* TASK TO COMPLETE:
From the listing below, reproduce word for word the part that opens with the line containing "using convex_onD[OF convex, of" and closes with the line containing "add: add_nonneg_pos add_pos_nonneg)+"; reproduce nothing else.

* EXERCISE MATERIALS:
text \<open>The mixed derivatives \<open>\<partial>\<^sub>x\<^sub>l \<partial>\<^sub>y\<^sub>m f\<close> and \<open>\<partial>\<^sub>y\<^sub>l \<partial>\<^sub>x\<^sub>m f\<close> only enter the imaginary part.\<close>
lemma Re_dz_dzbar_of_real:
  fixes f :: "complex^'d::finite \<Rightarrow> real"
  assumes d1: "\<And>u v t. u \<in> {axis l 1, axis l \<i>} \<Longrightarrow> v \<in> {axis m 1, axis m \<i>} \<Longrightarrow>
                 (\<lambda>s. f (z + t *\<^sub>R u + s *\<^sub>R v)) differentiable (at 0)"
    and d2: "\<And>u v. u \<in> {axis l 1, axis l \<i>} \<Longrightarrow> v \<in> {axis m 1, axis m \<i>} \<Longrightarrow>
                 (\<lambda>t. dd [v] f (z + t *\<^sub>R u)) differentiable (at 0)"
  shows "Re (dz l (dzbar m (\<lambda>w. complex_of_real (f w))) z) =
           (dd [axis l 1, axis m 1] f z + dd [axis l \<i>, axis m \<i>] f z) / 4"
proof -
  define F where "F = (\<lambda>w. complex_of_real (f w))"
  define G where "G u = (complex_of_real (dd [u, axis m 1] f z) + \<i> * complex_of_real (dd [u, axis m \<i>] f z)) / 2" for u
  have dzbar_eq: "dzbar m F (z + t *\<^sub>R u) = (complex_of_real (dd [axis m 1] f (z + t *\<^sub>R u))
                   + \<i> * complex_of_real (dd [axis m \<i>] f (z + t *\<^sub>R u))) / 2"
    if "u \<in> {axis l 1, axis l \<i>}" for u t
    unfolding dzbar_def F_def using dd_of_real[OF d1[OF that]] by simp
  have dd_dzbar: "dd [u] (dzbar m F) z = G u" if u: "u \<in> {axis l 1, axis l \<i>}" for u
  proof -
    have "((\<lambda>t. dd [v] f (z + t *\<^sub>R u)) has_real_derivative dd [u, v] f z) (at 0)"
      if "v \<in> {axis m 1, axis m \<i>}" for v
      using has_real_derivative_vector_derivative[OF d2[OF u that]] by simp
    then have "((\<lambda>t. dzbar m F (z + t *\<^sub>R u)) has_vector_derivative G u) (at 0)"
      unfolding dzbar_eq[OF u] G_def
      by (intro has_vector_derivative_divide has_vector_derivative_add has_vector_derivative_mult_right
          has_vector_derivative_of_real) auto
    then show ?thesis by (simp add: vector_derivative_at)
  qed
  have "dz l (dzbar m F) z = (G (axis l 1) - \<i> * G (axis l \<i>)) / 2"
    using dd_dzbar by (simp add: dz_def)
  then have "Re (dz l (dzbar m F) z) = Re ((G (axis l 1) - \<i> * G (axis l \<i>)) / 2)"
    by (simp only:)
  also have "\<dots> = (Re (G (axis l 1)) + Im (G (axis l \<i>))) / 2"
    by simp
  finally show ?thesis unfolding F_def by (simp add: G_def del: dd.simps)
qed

...

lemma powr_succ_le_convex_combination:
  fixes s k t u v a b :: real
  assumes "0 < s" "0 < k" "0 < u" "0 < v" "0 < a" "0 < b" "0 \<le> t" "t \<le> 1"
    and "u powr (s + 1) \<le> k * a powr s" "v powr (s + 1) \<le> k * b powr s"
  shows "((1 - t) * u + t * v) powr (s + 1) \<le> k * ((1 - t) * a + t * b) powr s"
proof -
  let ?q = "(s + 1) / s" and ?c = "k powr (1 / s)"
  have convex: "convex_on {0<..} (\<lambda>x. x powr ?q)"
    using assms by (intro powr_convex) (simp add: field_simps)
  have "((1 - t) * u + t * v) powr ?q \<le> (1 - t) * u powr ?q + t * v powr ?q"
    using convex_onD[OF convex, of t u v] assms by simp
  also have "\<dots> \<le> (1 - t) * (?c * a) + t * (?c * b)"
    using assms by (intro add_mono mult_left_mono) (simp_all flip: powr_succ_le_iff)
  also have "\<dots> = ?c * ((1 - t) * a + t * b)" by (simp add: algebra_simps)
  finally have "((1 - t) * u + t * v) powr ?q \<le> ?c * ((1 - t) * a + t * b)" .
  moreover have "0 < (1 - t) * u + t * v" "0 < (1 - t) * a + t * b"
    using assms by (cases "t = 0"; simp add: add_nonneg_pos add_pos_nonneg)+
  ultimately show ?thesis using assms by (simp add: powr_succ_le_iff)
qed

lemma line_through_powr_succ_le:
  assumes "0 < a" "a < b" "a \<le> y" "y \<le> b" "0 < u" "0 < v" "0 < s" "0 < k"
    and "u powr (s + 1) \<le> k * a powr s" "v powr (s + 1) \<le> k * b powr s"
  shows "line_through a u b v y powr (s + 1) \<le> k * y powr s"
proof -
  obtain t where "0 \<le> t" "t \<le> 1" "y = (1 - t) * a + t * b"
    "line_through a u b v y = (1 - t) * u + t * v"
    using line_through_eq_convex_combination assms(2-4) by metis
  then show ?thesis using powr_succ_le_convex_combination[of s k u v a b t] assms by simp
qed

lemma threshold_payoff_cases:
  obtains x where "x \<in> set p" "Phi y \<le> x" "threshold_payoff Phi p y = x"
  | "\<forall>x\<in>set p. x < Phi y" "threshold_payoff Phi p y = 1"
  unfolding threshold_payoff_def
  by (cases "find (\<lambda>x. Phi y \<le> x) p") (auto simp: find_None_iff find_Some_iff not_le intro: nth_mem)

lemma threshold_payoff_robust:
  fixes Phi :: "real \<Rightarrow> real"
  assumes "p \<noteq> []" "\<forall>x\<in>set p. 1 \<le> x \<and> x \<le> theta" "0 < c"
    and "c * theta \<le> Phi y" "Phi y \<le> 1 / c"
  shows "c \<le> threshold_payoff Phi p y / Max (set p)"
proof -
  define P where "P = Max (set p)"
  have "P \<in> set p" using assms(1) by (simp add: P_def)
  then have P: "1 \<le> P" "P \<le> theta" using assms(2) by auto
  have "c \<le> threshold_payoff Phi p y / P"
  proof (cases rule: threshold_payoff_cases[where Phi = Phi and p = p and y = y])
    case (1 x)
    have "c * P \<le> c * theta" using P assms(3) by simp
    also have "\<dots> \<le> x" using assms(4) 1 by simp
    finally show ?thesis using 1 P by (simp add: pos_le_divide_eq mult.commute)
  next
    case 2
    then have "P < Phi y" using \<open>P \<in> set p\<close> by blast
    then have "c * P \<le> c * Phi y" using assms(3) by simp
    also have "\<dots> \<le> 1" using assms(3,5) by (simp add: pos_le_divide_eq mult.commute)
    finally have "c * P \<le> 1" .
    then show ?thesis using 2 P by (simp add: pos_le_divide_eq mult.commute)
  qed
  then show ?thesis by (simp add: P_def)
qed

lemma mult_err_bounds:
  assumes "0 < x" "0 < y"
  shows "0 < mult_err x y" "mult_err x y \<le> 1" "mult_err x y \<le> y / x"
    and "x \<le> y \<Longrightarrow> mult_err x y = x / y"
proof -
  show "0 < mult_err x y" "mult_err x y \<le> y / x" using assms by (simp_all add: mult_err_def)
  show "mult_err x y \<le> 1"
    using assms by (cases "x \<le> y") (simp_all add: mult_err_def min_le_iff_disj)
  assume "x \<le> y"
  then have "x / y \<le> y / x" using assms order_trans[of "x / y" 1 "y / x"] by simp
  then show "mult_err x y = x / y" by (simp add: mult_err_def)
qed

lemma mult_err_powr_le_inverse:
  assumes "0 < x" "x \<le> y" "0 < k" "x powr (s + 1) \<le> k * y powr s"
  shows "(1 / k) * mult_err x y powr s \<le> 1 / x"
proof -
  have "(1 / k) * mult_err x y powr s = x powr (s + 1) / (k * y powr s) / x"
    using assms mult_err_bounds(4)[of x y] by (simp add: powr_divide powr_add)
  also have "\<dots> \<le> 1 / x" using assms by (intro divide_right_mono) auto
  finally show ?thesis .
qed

...

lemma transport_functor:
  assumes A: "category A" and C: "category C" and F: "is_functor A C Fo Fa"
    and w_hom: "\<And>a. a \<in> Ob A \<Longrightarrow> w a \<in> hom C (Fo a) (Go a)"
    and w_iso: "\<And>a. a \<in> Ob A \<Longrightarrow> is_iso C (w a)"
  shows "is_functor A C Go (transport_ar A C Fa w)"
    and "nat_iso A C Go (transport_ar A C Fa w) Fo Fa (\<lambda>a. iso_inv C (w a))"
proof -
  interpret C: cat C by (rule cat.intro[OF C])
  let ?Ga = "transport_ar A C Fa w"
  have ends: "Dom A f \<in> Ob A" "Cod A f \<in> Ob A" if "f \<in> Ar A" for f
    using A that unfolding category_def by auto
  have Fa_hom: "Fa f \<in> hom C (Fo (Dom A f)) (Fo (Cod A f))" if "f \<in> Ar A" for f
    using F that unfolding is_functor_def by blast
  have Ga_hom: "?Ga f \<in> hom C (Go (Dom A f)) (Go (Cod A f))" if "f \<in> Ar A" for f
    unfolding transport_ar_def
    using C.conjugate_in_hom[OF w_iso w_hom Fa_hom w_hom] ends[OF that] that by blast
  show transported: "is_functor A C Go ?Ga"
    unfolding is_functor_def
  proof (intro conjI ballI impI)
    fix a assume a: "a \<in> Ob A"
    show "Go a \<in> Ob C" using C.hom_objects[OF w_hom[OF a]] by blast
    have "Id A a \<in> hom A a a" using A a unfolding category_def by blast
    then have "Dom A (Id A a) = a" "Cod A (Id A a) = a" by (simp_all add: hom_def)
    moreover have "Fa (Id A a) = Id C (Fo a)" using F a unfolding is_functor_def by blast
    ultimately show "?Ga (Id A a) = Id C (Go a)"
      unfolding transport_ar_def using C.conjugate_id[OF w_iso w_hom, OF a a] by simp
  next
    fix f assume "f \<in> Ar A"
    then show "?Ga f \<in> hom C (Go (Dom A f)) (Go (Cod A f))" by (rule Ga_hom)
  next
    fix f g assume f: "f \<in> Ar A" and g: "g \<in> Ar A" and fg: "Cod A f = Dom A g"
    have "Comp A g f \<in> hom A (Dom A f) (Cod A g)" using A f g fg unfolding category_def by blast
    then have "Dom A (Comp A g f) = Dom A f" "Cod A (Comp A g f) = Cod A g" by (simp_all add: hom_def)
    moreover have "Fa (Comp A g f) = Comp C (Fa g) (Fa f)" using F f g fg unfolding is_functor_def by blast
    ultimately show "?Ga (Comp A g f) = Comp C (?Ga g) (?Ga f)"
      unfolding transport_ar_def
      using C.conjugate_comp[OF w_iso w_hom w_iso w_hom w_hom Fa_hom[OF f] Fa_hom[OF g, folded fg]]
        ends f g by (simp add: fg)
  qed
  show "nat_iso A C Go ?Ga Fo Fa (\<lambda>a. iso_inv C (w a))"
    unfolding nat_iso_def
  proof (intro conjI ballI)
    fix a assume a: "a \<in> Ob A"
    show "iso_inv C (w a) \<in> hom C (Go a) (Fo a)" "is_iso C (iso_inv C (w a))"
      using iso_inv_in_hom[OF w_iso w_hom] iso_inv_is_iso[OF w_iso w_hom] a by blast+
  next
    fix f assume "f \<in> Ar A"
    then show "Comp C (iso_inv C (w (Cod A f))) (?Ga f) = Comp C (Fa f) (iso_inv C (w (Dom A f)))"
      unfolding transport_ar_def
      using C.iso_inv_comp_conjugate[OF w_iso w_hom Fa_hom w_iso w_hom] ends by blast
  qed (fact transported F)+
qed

* RESULT FOR THIS EXERCISE:
    using convex_onD[OF convex, of t u v] assms by simp
  also have "\<dots> \<le> (1 - t) * (?c * a) + t * (?c * b)"
    using assms by (intro add_mono mult_left_mono) (simp_all flip: powr_succ_le_iff)
  also have "\<dots> = ?c * ((1 - t) * a + t * b)" by (simp add: algebra_simps)
  finally have "((1 - t) * u + t * v) powr ?q \<le> ?c * ((1 - t) * a + t * b)" .
  moreover have "0 < (1 - t) * u + t * v" "0 < (1 - t) * a + t * b"
    using assms by (cases "t = 0"; simp add: add_nonneg_pos add_pos_nonneg)+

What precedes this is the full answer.